Delivery is a hot topic, and social equity is a big one. Right now, after the beginning of COVID-19, we’re trying to find a way to keep the current social distancing rules in place for [dispensaries], understanding that there are so many priorities outside of cannabis at the state level that take precedent. But there are some things that have been very helpful for the cannabis industry, like curbside pick-up and online ordering, or allowing these businesses to modify their premises to keep customers, patients and employees safe. I think MIG members would like to see those stay, because there is a new normal for retail. Ultimately, something like that would take legislative action, so the question is whether that happens this year or next year.
You mentioned other issues taking priority over cannabis right now because of these unprecedented times. Being an industry trade group, how do you explain that to the industry you represent?
My approach has been just trying to be honest about the situation. We were allowed to stay open [during stay-at-home orders], and I agree with that decision, but there were a lot of Colorado businesses that weren’t able to do that and are taking the hit financially. There are a lot of priorities that state and local governments are trying to juggle, and we’re part of a much larger thing in this crisis. Not everyone wants to hear that, but most people understand. We have lobbyists for a reason, and we were told the only bills that are going to pass during this short session will be fast, friendly and free. [Editor’s note: This comment was made before the protests over police brutality.] In other words, if it’s divisive, complicated or going to cost money, there is no money, so those are the bills we’re seeing die across the board. The state is focused on COVID-19 stability and recovery, and rightfully so. That’s what I’m trying to communicate to our members.
Social equity has become a big part of the cannabis discussion. How big of a role do you think established industry members should play in the crafting of these potential diversity policies?
I think it’s really difficult, because cannabis owners weren’t the decision makers when a lot of these rules happened. I’ve built a couple of cannabis businesses before this, and the industry was much more diverse in 2009 than it is now. I don’t think that was deliberate, but there is certainly systemic racism when it comes to barriers to entry.

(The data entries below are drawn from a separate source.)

(* Let $(\mathbf{L},\mathbf{R})\in\mathcal{P}_{\mathsf N}$ be superbalanced and suppose it admits a contraction map. Then for all $i,j\in[\mathsf N+1]$, the null reduction on $i$ of the purification on $j$ of $(\mathbf{L},\mathbf{R})$ admits a contraction map (or is empty).
   Context: $\mathcal{P}_{\mathsf N}$ denotes the set of pairs $(\mathbf{L},\mathbf{R})$ of $(0,1)$-matrices, $\mathbf{L}$ of size $(\mathsf N+1)\times m_L$ and $\mathbf{R}$ of size $(\mathsf N+1)\times m_R$, such that some index $p\in[\mathsf N+1]$ has row $p$ of $\mathbf{L}$ and row $p$ of $\mathbf{R}$ both zero. $\mathbf{A}_{(i)}$ denotes the $i$-th row of $\mathbf{A}$; $e$ is the all-ones row vector; $|x-x'|$ is the Hamming distance of bit strings. A contraction map for $(\mathbf{L},\mathbf{R})$ is a map $f:\{0,1\}^{m_L}\to\{0,1\}^{m_R}$ with $f(\mathbf{L}_{(i)})=\mathbf{R}_{(i)}$ for all $i$ and $|x-x'|\ge|f(x)-f(x')|$ for all $x,x'$. The pair is superbalanced if $\mathbf{L}_{(i)}\cdot\mathbf{L}_{(j)}=\mathbf{R}_{(i)}\cdot\mathbf{R}_{(j)}$ for all $i,j$. The purification on $j$ of $(\mathbf{L},\mathbf{R})$ is the pair $(\mathbf{L}+_2 e^T\mathbf{L}_{(j)},\ \mathbf{R}+_2 e^T\mathbf{R}_{(j)})$, where $+_2$ is entrywise addition mod 2; i.e. every column of $\mathbf{L}$ (resp. $\mathbf{R}$) with a $1$ in row $j$ is bit-flipped entirely, and other columns are unchanged (row $j$ becomes zero in both). The null reduction on $i$ of a pair keeps exactly the columns of each matrix that have a $1$ in row $i$. *)

theory Defs
  imports Main
begin

text \<open>A (0,1)-matrix with N+1 rows (indexed 0..N) and m columns is represented
  as the list of its m columns, each column a bool list of length N+1
  (True = 1).\<close>

type_synonym bmat = "bool list list"

definition wf_mat :: "nat \<Rightarrow> bmat \<Rightarrow> bool" where
  "wf_mat n A \<longleftrightarrow> (\<forall>c\<in>set A. length c = n)"

definition ncols :: "bmat \<Rightarrow> nat" where
  "ncols A = length A"

definition row :: "bmat \<Rightarrow> nat \<Rightarrow> bool list" where
  "row A i = map (\<lambda>c. c ! i) A"

definition hamming :: "bool list \<Rightarrow> bool list \<Rightarrow> nat" where
  "hamming x y = card {k. k < length x \<and> x ! k \<noteq> y ! k}"

definition dot :: "bool list \<Rightarrow> bool list \<Rightarrow> nat" where
  "dot x y = card {k. k < length x \<and> x ! k \<and> y ! k}"

definition in_P :: "nat \<Rightarrow> bmat \<Rightarrow> bmat \<Rightarrow> bool" where
  "in_P N L R \<longleftrightarrow> wf_mat (N+1) L \<and> wf_mat (N+1) R \<and>
     (\<exists>p < N+1. (\<forall>c\<in>set L. \<not> c ! p) \<and> (\<forall>c\<in>set R. \<not> c ! p))"

definition superbalanced :: "nat \<Rightarrow> bmat \<Rightarrow> bmat \<Rightarrow> bool" where
  "superbalanced N L R \<longleftrightarrow>
     (\<forall>i < N+1. \<forall>j < N+1. dot (row L i) (row L j) = dot (row R i) (row R j))"

definition contraction_map :: "nat \<Rightarrow> bmat \<Rightarrow> bmat \<Rightarrow> (bool list \<Rightarrow> bool list) \<Rightarrow> bool" where
  "contraction_map N L R f \<longleftrightarrow>
     (\<forall>x. length x = ncols L \<longrightarrow> length (f x) = ncols R) \<and>
     (\<forall>i < N+1. f (row L i) = row R i) \<and>
     (\<forall>x x'. length x = ncols L \<longrightarrow> length x' = ncols L \<longrightarrow>
        hamming (f x) (f x') \<le> hamming x x')"

definition admits_contraction :: "nat \<Rightarrow> bmat \<Rightarrow> bmat \<Rightarrow> bool" where
  "admits_contraction N L R \<longleftrightarrow> (\<exists>f. contraction_map N L R f)"

definition purify :: "nat \<Rightarrow> bmat \<Rightarrow> bmat" where
  "purify j A = map (\<lambda>c. if c ! j then map Not c else c) A"

definition null_reduce :: "nat \<Rightarrow> bmat \<Rightarrow> bmat" where
  "null_reduce i A = filter (\<lambda>c. c ! i) A"

end

theory Submission imports Defs begin

(* Purification on j conjugates the pair by the translations x \<mapsto> x + L_(j) and
   y \<mapsto> y + R_(j), which are Hamming isometries.  Hence it preserves contraction
   maps, by polarization it preserves superbalance, and it makes row j zero on both
   sides.  For a superbalanced pair with a common zero row, a contraction map f
   sends the meet L_(k) \<and> L_(i) to R_(k) \<and> R_(i): the image is at most as far from
   R_(k), R_(i) and 0 as the meet is from L_(k), L_(i) and 0, and R_(k) \<and> R_(i) is
   the unique point of the cube that close to those three points (their median).
   So f maps strings supported on the support of L_(i) to strings supported on the
   support of R_(i), and its restriction is a contraction map for the null
   reduction on i. *)

lemma card_less_Suc_split:
  "card {k. k < Suc n \<and> P k} = (if P 0 then 1 else 0) + card {k. k < n \<and> P (Suc k)}"
proof -
  have "{k. k < Suc n \<and> P k} = (if P 0 then {0} else {}) \<union> Suc ` {k. k < n \<and> P (Suc k)}"
    by (auto simp: less_Suc_eq_0_disj)
  then show ?thesis
    by (auto simp: card_insert_if card_image)
qed

lemma hamming_Nil [simp]: "hamming [] y = 0"
  by (simp add: hamming_def)

lemma hamming_Cons [simp]: "hamming (a # x) (b # y) = (if a = b then 0 else 1) + hamming x y"
  unfolding hamming_def by (simp add: card_less_Suc_split)

lemma dot_Nil [simp]: "dot [] y = 0"
  by (simp add: dot_def)

lemma dot_Cons [simp]: "dot (a # x) (b # y) = (if a \<and> b then 1 else 0) + dot x y"
  unfolding dot_def by (simp add: card_less_Suc_split)

lemma hamming_replicate_False: "hamming x (replicate (length x) False) = dot x x"
  by (induct x) auto

lemma hamming_add_dot:
  "length x = length y \<Longrightarrow> hamming x y + 2 * dot x y = dot x x + dot y y"
  by (induct x y rule: list_induct2) auto

definition bxor :: "bool list \<Rightarrow> bool list \<Rightarrow> bool list" where
  "bxor x y = map2 (\<noteq>) x y"

definition band :: "bool list \<Rightarrow> bool list \<Rightarrow> bool list" where
  "band x y = map2 (\<and>) x y"

lemma bxor_Nil [simp]: "bxor [] y = []"
  by (simp add: bxor_def)

lemma bxor_Cons [simp]: "bxor (a # x) (b # y) = (a \<noteq> b) # bxor x y"
  by (simp add: bxor_def)

lemma band_Nil [simp]: "band [] y = []"
  by (simp add: band_def)

lemma band_Cons [simp]: "band (a # x) (b # y) = (a \<and> b) # band x y"
  by (simp add: band_def)

lemma length_bxor [simp]: "length (bxor x y) = min (length x) (length y)"
  by (simp add: bxor_def)

lemma length_band [simp]: "length (band x y) = min (length x) (length y)"
  by (simp add: band_def)

lemma bxor_bxor_cancel: "length x = length a \<Longrightarrow> bxor (bxor x a) a = x"
  by (induct x a rule: list_induct2) auto

lemma bxor_self: "bxor x x = replicate (length x) False"
  by (induct x) auto

lemma hamming_bxor_right:
  "length x = length y \<Longrightarrow> length y = length a \<Longrightarrow> hamming (bxor x a) (bxor y a) = hamming x y"
  by (induct x y a rule: list_induct3) auto

lemma dot_bxor_bxor:
  "length x = length y \<Longrightarrow> length y = length z \<Longrightarrow>
   2 * dot (bxor x z) (bxor y z) + hamming x y = hamming x z + hamming y z"
  by (induct x y z rule: list_induct3) auto

lemma dot_band_self: "length a = length b \<Longrightarrow> dot (band a b) (band a b) = dot a b"
  by (induct a b rule: list_induct2) auto

lemma hamming_band_left: "length a = length b \<Longrightarrow> hamming (band a b) a + dot a b = dot a a"
  by (induct a b rule: list_induct2) auto

lemma hamming_band_right: "length a = length b \<Longrightarrow> hamming (band a b) b + dot a b = dot b b"
  by (induct a b rule: list_induct2) auto

text \<open>Since dot y y is the distance from y to the zero string, the next two lemmas say
  that band A B is the unique minimiser of the total distance to A, B and 0, i.e. the
  median of these three points.\<close>

lemma hamming_median_lower_bound:
  "length y = length A \<Longrightarrow> length A = length B \<Longrightarrow>
   hamming A B + dot A B \<le> hamming y A + hamming y B + dot y y"
  by (induct y A B rule: list_induct3) auto

lemma hamming_median_unique:
  "length y = length A \<Longrightarrow> length A = length B \<Longrightarrow>
   hamming y A + hamming y B + dot y y \<le> hamming A B + dot A B \<Longrightarrow> y = band A B"
proof (induct y A B rule: list_induct3)
  case Nil
  then show ?case by simp
next
  case (Cons y0 y a A b B)
  have "hamming A B + dot A B \<le> hamming y A + hamming y B + dot y y"
    using Cons.hyps(1,2) by (rule hamming_median_lower_bound)
  with Cons.prems Cons.hyps(3) show ?case
    by (auto split: if_splits)
qed

definition compress :: "bool list \<Rightarrow> bool list \<Rightarrow> bool list" where
  "compress m x = map snd (filter fst (zip m x))"

fun expand :: "bool list \<Rightarrow> bool list \<Rightarrow> bool list" where
  "expand [] ys = []"
| "expand (False # ms) ys = False # expand ms ys"
| "expand (True # ms) [] = False # expand ms []"
| "expand (True # ms) (y # ys) = y # expand ms ys"

lemma compress_Nil [simp]: "compress [] y = []"
  by (simp add: compress_def)

lemma compress_Cons [simp]:
  "compress (a # m) (b # y) = (if a then b # compress m y else compress m y)"
  by (simp add: compress_def)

Now it’s trying to figure out how do we, collectively — not just a trade association, not just businesses, but as a community — how do we try to right some of those wrongs? I think it comes down to expungements, maybe some license prioritization. But any licenses given out need to be sustainable, because it’s tough to run a marijuana business in 2020. Having training involved is important. I also think it’s important for established cannabis businesses to have good internal models with diversity and inclusion policies in their companies, and to extend that to their vendors. Asking if they have these policies, if they provide training opportunities for people of color, allowing people in our companies who are victims of the drug war. It’s a multi-faceted thing.